lemma invertible_op_XT_if_onto_bounded_below:
  assumes L: "bounded_op_XT T L"
    and onto: "\<And>x. x \<in> XT T \<Longrightarrow> \<exists>y\<in>XT T. L y = x"
    and below: "\<And>y. y \<in> XT T \<Longrightarrow> XT_norm T y \<le> C * XT_norm T (L y)"
  shows "invertible_op_XT T L"
proof -
  have inj: "y = y'" if "y \<in> XT T" "y' \<in> XT T" "L y = L y'" for y y'
  proof -
    have "(\<lambda>k. y k - y' k) \<in> XT T"
      using that by (simp add: XT_def)
    moreover have "L (\<lambda>k. y k - y' k) = (\<lambda>k. 0)"
      using that by (simp add: bounded_op_XT_diff[OF L])
    ultimately have "XT_norm T (\<lambda>k. y k - y' k) = 0"
      using below XT_norm_nonneg by (metis XT_norm_zero mult_zero_right order_antisym)
    then show ?thesis
      using that by (subst (asm) XT_norm_eq_0_iff) (auto simp: XT_def fun_eq_iff)
  qed
  define B where "B x = (THE y. y \<in> XT T \<and> L y = x)" for x
  have B: "B x \<in> XT T" "L (B x) = x" if "x \<in> XT T" for x
    using theI'[of "\<lambda>y. y \<in> XT T \<and> L y = x"] onto[OF that] inj unfolding B_def by blast+
  have B_eqI: "B x = y" if "y \<in> XT T" "L y = x" for x y
    using B[of x] inj that bounded_op_XT_XT[OF L] by metis
  have "bounded_op_XT T B"
    unfolding bounded_op_XT_def
  proof (intro conjI ballI allI exI[of _ C])
    fix x y :: "nat \<Rightarrow> 'a" assume x: "x \<in> XT T" and y: "y \<in> XT T"
    show "B x \<in> XT T"
      using B x by blast
    show "B (\<lambda>k. x k + y k) = (\<lambda>k. B x k + B y k)"
      using B x y by (intro B_eqI) (auto simp: XT_def bounded_op_XT_add[OF L])
    show "B (\<lambda>k. c *\<^sub>C x k) = (\<lambda>k. c *\<^sub>C B x k)" for c
      using B x by (intro B_eqI) (auto simp: XT_def bounded_op_XT_scaleC[OF L])
    show "XT_norm T (B x) \<le> C * XT_norm T x"
      using below B x by metis
  qed
  then show ?thesis
    unfolding invertible_op_XT_def using B B_eqI bounded_op_XT_XT[OF L] by blast
qed

text \<open>The preimage of \<open>x\<close> is the fixed point of the contraction \<open>y \<mapsto> B (x + P y)\<close>.\<close>

lemma perturbed_op_XT_onto:
  fixes L P B :: "(nat \<Rightarrow> 'a::{complex_normed_vector,complete_space}) \<Rightarrow> nat \<Rightarrow> 'a"
  assumes P: "bounded_op_XT T P" and B: "bounded_op_XT T B" and LB: "\<forall>x\<in>XT T. L (B x) = x"
    and B_bound: "\<And>x. x \<in> XT T \<Longrightarrow> XT_norm T (B x) \<le> Cb * XT_norm T x"
    and P_bound: "\<And>x. x \<in> XT T \<Longrightarrow> XT_norm T (P x) \<le> Cp * XT_norm T x"
    and Cb: "0 \<le> Cb" and small: "Cb * Cp < 1"
    and x: "x \<in> XT T"
  shows "\<exists>y\<in>XT T. (\<lambda>k. L y k - P y k) = x"
proof -
  define \<Phi> where "\<Phi> y = B (\<lambda>k. x k + P y k)" for y
  have shifted_XT: "(\<lambda>k. x k + P y k) \<in> XT T" if "y \<in> XT T" for y
    using x bounded_op_XT_XT[OF P that] by (simp add: XT_def)
  have \<Phi>_XT: "\<Phi> \<in> XT T \<rightarrow> XT T"
    using shifted_XT bounded_op_XT_XT[OF B] by (simp add: \<Phi>_def)
  have contraction: "XT_dist T (\<Phi> y) (\<Phi> y') \<le> (Cb * Cp) * XT_dist T y y'"
    if y: "y \<in> XT T" and y': "y' \<in> XT T" for y y'
  proof -
    have diff_XT: "(\<lambda>k. y k - y' k) \<in> XT T"
      using y y' by (simp add: XT_def)
    have "(\<lambda>k. \<Phi> y k - \<Phi> y' k) = B (\<lambda>k. P y k - P y' k)"
      using bounded_op_XT_diff[OF B shifted_XT[OF y] shifted_XT[OF y']] by (simp add: \<Phi>_def)
    also have "\<dots> = B (P (\<lambda>k. y k - y' k))"
      by (simp add: bounded_op_XT_diff[OF P y y'])
    finally have "XT_dist T (\<Phi> y) (\<Phi> y') = XT_norm T (B (P (\<lambda>k. y k - y' k)))"
      by (simp add: XT_dist_def)
    also have "\<dots> \<le> Cb * XT_norm T (P (\<lambda>k. y k - y' k))"
      by (rule B_bound[OF bounded_op_XT_XT[OF P diff_XT]])
    also have "\<dots> \<le> Cb * (Cp * XT_dist T y y')"
      using P_bound[OF diff_XT] Cb by (simp add: XT_dist_def mult_left_mono)
    finally show ?thesis
      by (simp add: mult.assoc)
  qed
  interpret XT: Metric_space "XT T" "XT_dist T :: (nat \<Rightarrow> 'a) \<Rightarrow> _"
    by (rule Metric_space_XT)
  obtain y where y: "y \<in> XT T" "\<Phi> y = y"
    using XT.Banach_fixedpoint_thm[OF mcomplete_XT _ \<Phi>_XT small contraction] zero_XT by blast
  then have "L y = (\<lambda>k. x k + P y k)"
    using LB shifted_XT[OF y(1)] by (metis \<Phi>_def)
  then show ?thesis
    using y(1) by (intro bexI[of _ y]) (simp_all add: fun_eq_iff)
qed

+--

[WORK ITEM] Write out all the records above again, exactly as they stand.

[RESPONSE AREA]
lemma invertible_op_XT_if_onto_bounded_below:
  assumes L: "bounded_op_XT T L"
    and onto: "\<And>x. x \<in> XT T \<Longrightarrow> \<exists>y\<in>XT T. L y = x"
    and below: "\<And>y. y \<in> XT T \<Longrightarrow> XT_norm T y \<le> C * XT_norm T (L y)"
  shows "invertible_op_XT T L"
proof -
  have inj: "y = y'" if "y \<in> XT T" "y' \<in> XT T" "L y = L y'" for y y'
  proof -
    have "(\<lambda>k. y k - y' k) \<in> XT T"
      using that by (simp add: XT_def)
    moreover have "L (\<lambda>k. y k - y' k) = (\<lambda>k. 0)"
      using that by (simp add: bounded_op_XT_diff[OF L])
    ultimately have "XT_norm T (\<lambda>k. y k - y' k) = 0"
      using below XT_norm_nonneg by (metis XT_norm_zero mult_zero_right order_antisym)
    then show ?thesis
      using that by (subst (asm) XT_norm_eq_0_iff) (auto simp: XT_def fun_eq_iff)
  qed
  define B where "B x = (THE y. y \<in> XT T \<and> L y = x)" for x
  have B: "B x \<in> XT T" "L (B x) = x" if "x \<in> XT T" for x
    using theI'[of "\<lambda>y. y \<in> XT T \<and> L y = x"] onto[OF that] inj unfolding B_def by blast+
  have B_eqI: "B x = y" if "y \<in> XT T" "L y = x" for x y
    using B[of x] inj that bounded_op_XT_XT[OF L] by metis
  have "bounded_op_XT T B"
    unfolding bounded_op_XT_def
  proof (intro conjI ballI allI exI[of _ C])
    fix x y :: "nat \<Rightarrow> 'a" assume x: "x \<in> XT T" and y: "y \<in> XT T"
    show "B x \<in> XT T"
      using B x by blast
    show "B (\<lambda>k. x k + y k) = (\<lambda>k. B x k + B y k)"
      using B x y by (intro B_eqI) (auto simp: XT_def bounded_op_XT_add[OF L])
    show "B (\<lambda>k. c *\<^sub>C x k) = (\<lambda>k. c *\<^sub>C B x k)" for c
      using B x by (intro B_eqI) (auto simp: XT_def bounded_op_XT_scaleC[OF L])
    show "XT_norm T (B x) \<le> C * XT_norm T x"
      using below B x by metis
  qed
  then show ?thesis
    unfolding invertible_op_XT_def using B B_eqI bounded_op_XT_XT[OF L] by blast
qed

text \<open>The preimage of \<open>x\<close> is the fixed point of the contraction \<open>y \<mapsto> B (x + P y)\<close>.\<close>

lemma perturbed_op_XT_onto:
  fixes L P B :: "(nat \<Rightarrow> 'a::{complex_normed_vector,complete_space}) \<Rightarrow> nat \<Rightarrow> 'a"
  assumes P: "bounded_op_XT T P" and B: "bounded_op_XT T B" and LB: "\<forall>x\<in>XT T. L (B x) = x"
    and B_bound: "\<And>x. x \<in> XT T \<Longrightarrow> XT_norm T (B x) \<le> Cb * XT_norm T x"
    and P_bound: "\<And>x. x \<in> XT T \<Longrightarrow> XT_norm T (P x) \<le> Cp * XT_norm T x"
    and Cb: "0 \<le> Cb" and small: "Cb * Cp < 1"
    and x: "x \<in> XT T"
  shows "\<exists>y\<in>XT T. (\<lambda>k. L y k - P y k) = x"
proof -
  define \<Phi> where "\<Phi> y = B (\<lambda>k. x k + P y k)" for y
  have shifted_XT: "(\<lambda>k. x k + P y k) \<in> XT T" if "y \<in> XT T" for y
    using x bounded_op_XT_XT[OF P that] by (simp add: XT_def)
  have \<Phi>_XT: "\<Phi> \<in> XT T \<rightarrow> XT T"
    using shifted_XT bounded_op_XT_XT[OF B] by (simp add: \<Phi>_def)
  have contraction: "XT_dist T (\<Phi> y) (\<Phi> y') \<le> (Cb * Cp) * XT_dist T y y'"
    if y: "y \<in> XT T" and y': "y' \<in> XT T" for y y'
  proof -
    have diff_XT: "(\<lambda>k. y k - y' k) \<in> XT T"
      using y y' by (simp add: XT_def)
    have "(\<lambda>k. \<Phi> y k - \<Phi> y' k) = B (\<lambda>k. P y k - P y' k)"
      using bounded_op_XT_diff[OF B shifted_XT[OF y] shifted_XT[OF y']] by (simp add: \<Phi>_def)
    also have "\<dots> = B (P (\<lambda>k. y k - y' k))"
      by (simp add: bounded_op_XT_diff[OF P y y'])
    finally have "XT_dist T (\<Phi> y) (\<Phi> y') = XT_norm T (B (P (\<lambda>k. y k - y' k)))"
      by (simp add: XT_dist_def)
    also have "\<dots> \<le> Cb * XT_norm T (P (\<lambda>k. y k - y' k))"
      by (rule B_bound[OF bounded_op_XT_XT[OF P diff_XT]])
    also have "\<dots> \<le> Cb * (Cp * XT_dist T y y')"
      using P_bound[OF diff_XT] Cb by (simp add: XT_dist_def mult_left_mono)
    finally show ?thesis
      by (simp add: mult.assoc)
  qed
  interpret XT: Metric_space "XT T" "XT_dist T :: (nat \<Rightarrow> 'a) \<Rightarrow> _"
    by (rule Metric_space_XT)
  obtain y where y: "y \<in> XT T" "\<Phi> y = y"
    using XT.Banach_fixedpoint_thm[OF mcomplete_XT _ \<Phi>_XT small contraction] zero_XT by blast
  then have "L y = (\<lambda>k. x k + P y k)"
    using LB shifted_XT[OF y(1)] by (metis \<Phi>_def)
  then show ?thesis
    using y(1) by (intro bexI[of _ y]) (simp_all add: fun_eq_iff)
qed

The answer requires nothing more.